Activity:
Copy out each line below containing "pairing".

↓↓↓

(* Let $d\ge1$ and let $\mathfrak{T}:\mathcal{S}(\mathbb{R}^{2d})\to\mathcal{S}'(\mathbb{R}^{2d})$ be a non-zero continuous linear operator such that there is a function $\Phi:\mathbb{R}^{4d}\to\mathbb{R}^{4d}$ with $\mathfrak{T}\rho(\lambda)F=c\,\rho(\Phi(\lambda))\mathfrak{T}F$ for all $\lambda\in\mathbb{R}^{4d}$, $F\in\mathcal{S}(\mathbb{R}^{2d})$ (with constants $c\in\mathbb{C}$ possibly depending on $\lambda$). Let $$H=\{\nu\in\mathbb{R}^{4d}:\ \exists\, c_\nu\in\mathbb{C}\text{ with }\rho(\nu)\mathfrak{T}F=c_\nu\mathfrak{T}F\text{ for all }F\in\mathcal{S}(\mathbb{R}^{2d})\}$$ and let $q_H:\mathbb{R}^{4d}\to\mathbb{R}^{4d}/H$ be the quotient map. Then $q_H\circ\Phi:\mathbb{R}^{4d}\to\mathbb{R}^{4d}/H$ is one-to-one.
   Context: For $x,\omega,t\in\mathbb{R}^{2d}$: $T_xF(t)=F(t-x)$, $M_\omega F(t)=e^{2\pi i\omega\cdot t}F(t)$, and for $(x,\omega)\in\mathbb{R}^{4d}$, $\rho(x,\omega)=T_{x/2}M_\omega T_{x/2}$, acting on $\mathcal{S}(\mathbb{R}^{2d})$ and by duality on $\mathcal{S}'(\mathbb{R}^{2d})$. $H$ is a subgroup of $\mathbb{R}^{4d}$. Continuity of $\mathfrak{T}$ is from the Schwartz topology to the weak* topology. *)

theory Defs
  imports "HOL-Analysis.Analysis"
begin

type_synonym ('n) fn = "real^('n::finite) \<Rightarrow> complex"

definition dir_deriv :: "real^('n::finite) \<Rightarrow> 'n fn \<Rightarrow> 'n fn" where
  "dir_deriv v f x = vector_derivative (\<lambda>t::real. f (x + t *\<^sub>R v)) (at 0)"

fun iter_deriv :: "(real^('n::finite)) list \<Rightarrow> 'n fn \<Rightarrow> 'n fn" where
  "iter_deriv [] f = f"
| "iter_deriv (v # vs) f = dir_deriv v (iter_deriv vs f)"

definition schwartz :: "('n::finite) fn \<Rightarrow> bool" where
  "schwartz f \<longleftrightarrow>
     (\<forall>vs. set vs \<subseteq> Basis \<longrightarrow> (\<forall>x. iter_deriv vs f differentiable (at x))) \<and>
     (\<forall>vs m. set vs \<subseteq> Basis \<longrightarrow>
        bounded (range (\<lambda>x. ((1 + norm x) ^ m) *\<^sub>R iter_deriv vs f x)))"

definition schwartz_seminorm :: "nat \<Rightarrow> ('n::finite) fn \<Rightarrow> real" where
  "schwartz_seminorm N f =
     (SUP p \<in> UNIV \<times> {vs. length vs \<le> N \<and> set vs \<subseteq> Basis}.
        (1 + norm (fst p)) ^ N * norm (iter_deriv (snd p) f (fst p)))"

type_synonym 'n distr = "'n fn \<Rightarrow> complex"

definition tempered :: "('n::finite) distr \<Rightarrow> bool" where
  "tempered u \<longleftrightarrow>
     (\<forall>f g a b. schwartz f \<longrightarrow> schwartz g \<longrightarrow>
        u (\<lambda>t. a * f t + b * g t) = a * u f + b * u g) \<and>
     (\<exists>C N. \<forall>g. schwartz g \<longrightarrow> norm (u g) \<le> C * schwartz_seminorm N g)"

definition distr_eq :: "('n::finite) distr \<Rightarrow> 'n distr \<Rightarrow> bool" where
  "distr_eq u v \<longleftrightarrow> (\<forall>g. schwartz g \<longrightarrow> u g = v g)"

definition transl :: "real^('n::finite) \<Rightarrow> 'n fn \<Rightarrow> 'n fn" where
  "transl x F = (\<lambda>t. F (t - x))"

definition modul :: "real^('n::finite) \<Rightarrow> 'n fn \<Rightarrow> 'n fn" where
  "modul w F = (\<lambda>t. cis (2 * pi * (w \<bullet> t)) * F t)"

definition rho :: "(real^('n::finite)) \<times> (real^'n) \<Rightarrow> 'n fn \<Rightarrow> 'n fn" where
  "rho l = transl ((1/2) *\<^sub>R fst l) \<circ> modul (snd l) \<circ> transl ((1/2) *\<^sub>R fst l)"

text \<open>Action on distributions by duality (bilinear pairing): the transpose of
  rho(x,w) with respect to the pairing \<integral> F g is rho(-x,w).\<close>
definition rho_distr :: "(real^('n::finite)) \<times> (real^'n) \<Rightarrow> 'n distr \<Rightarrow> 'n distr" where
  "rho_distr l u = (\<lambda>g. u (rho (- fst l, snd l) g))"

text \<open>Continuous linear operators S -> S' (weak* topology on S').\<close>
definition cont_lin_op :: "(('n::finite) fn \<Rightarrow> 'n distr) \<Rightarrow> bool" where
  "cont_lin_op T \<longleftrightarrow>
     (\<forall>F. schwartz F \<longrightarrow> tempered (T F)) \<and>
     (\<forall>F G a b. schwartz F \<longrightarrow> schwartz G \<longrightarrow>
        distr_eq (T (\<lambda>t. a * F t + b * G t)) (\<lambda>g. a * T F g + b * T G g)) \<and>
     (\<forall>g. schwartz g \<longrightarrow>
        (\<exists>C N. \<forall>F. schwartz F \<longrightarrow> norm (T F g) \<le> C * schwartz_seminorm N F))"

definition H_of :: "(('n::finite) fn \<Rightarrow> 'n distr) \<Rightarrow> ((real^'n) \<times> (real^'n)) set" where
  "H_of T = {\<nu>. \<exists>c. \<forall>F. schwartz F \<longrightarrow> distr_eq (rho_distr \<nu> (T F)) (\<lambda>g. c * T F g)}"

definition quot_map :: "('a::ab_group_add) set \<Rightarrow> 'a \<Rightarrow> 'a set" where
  "quot_map H a = (\<lambda>h. a + h) ` H"

end

theory Submission
  imports Defs
begin

text \<open>
  If \<open>\<Phi> l\<close> and \<open>\<Phi> m\<close> lie in the same coset of \<open>H\<close>, covariance moves \<open>\<rho>(l)\<close> through
  \<open>T\<close>, the \<open>H\<close>-part is absorbed as a scalar, and one gets \<open>T \<rho>(l - m) = D T\<close> for a constant
  \<open>D\<close>, which is nonzero because \<open>T\<close> is. Moving any \<open>\<rho>(\<kappa>)\<close> through \<open>T\<close> then shows that
  \<open>T \<rho>(l - m) \<rho>(\<kappa>) = T \<rho>(\<kappa>) \<rho>(l - m)\<close>, whereas the Heisenberg commutation relation makes
  the two sides differ by the factor \<open>e^(2 \<pi> i \<sigma>(l - m, \<kappa>))\<close>. So this character of \<open>\<kappa>\<close> is
  trivial, and the nondegeneracy of the symplectic form \<open>\<sigma>\<close> gives \<open>l = m\<close>. The only analysis
  needed is that the time-frequency shifts \<open>\<rho>(\<lambda>)\<close> preserve the Schwartz class.
\<close>

section \<open>Time-frequency shifts preserve the Schwartz class\<close>

definition diff_rapid_decay :: "('n::finite) fn \<Rightarrow> bool" where
  "diff_rapid_decay f \<longleftrightarrow> (\<forall>x. f differentiable (at x)) \<and>
     (\<forall>m. bounded (range (\<lambda>x. ((1 + norm x) ^ m) *\<^sub>R f x)))"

↑↑↑

Solution below:
text \<open>Action on distributions by duality (bilinear pairing): the transpose of
  rho(x,w) with respect to the pairing \<integral> F g is rho(-x,w).\<close>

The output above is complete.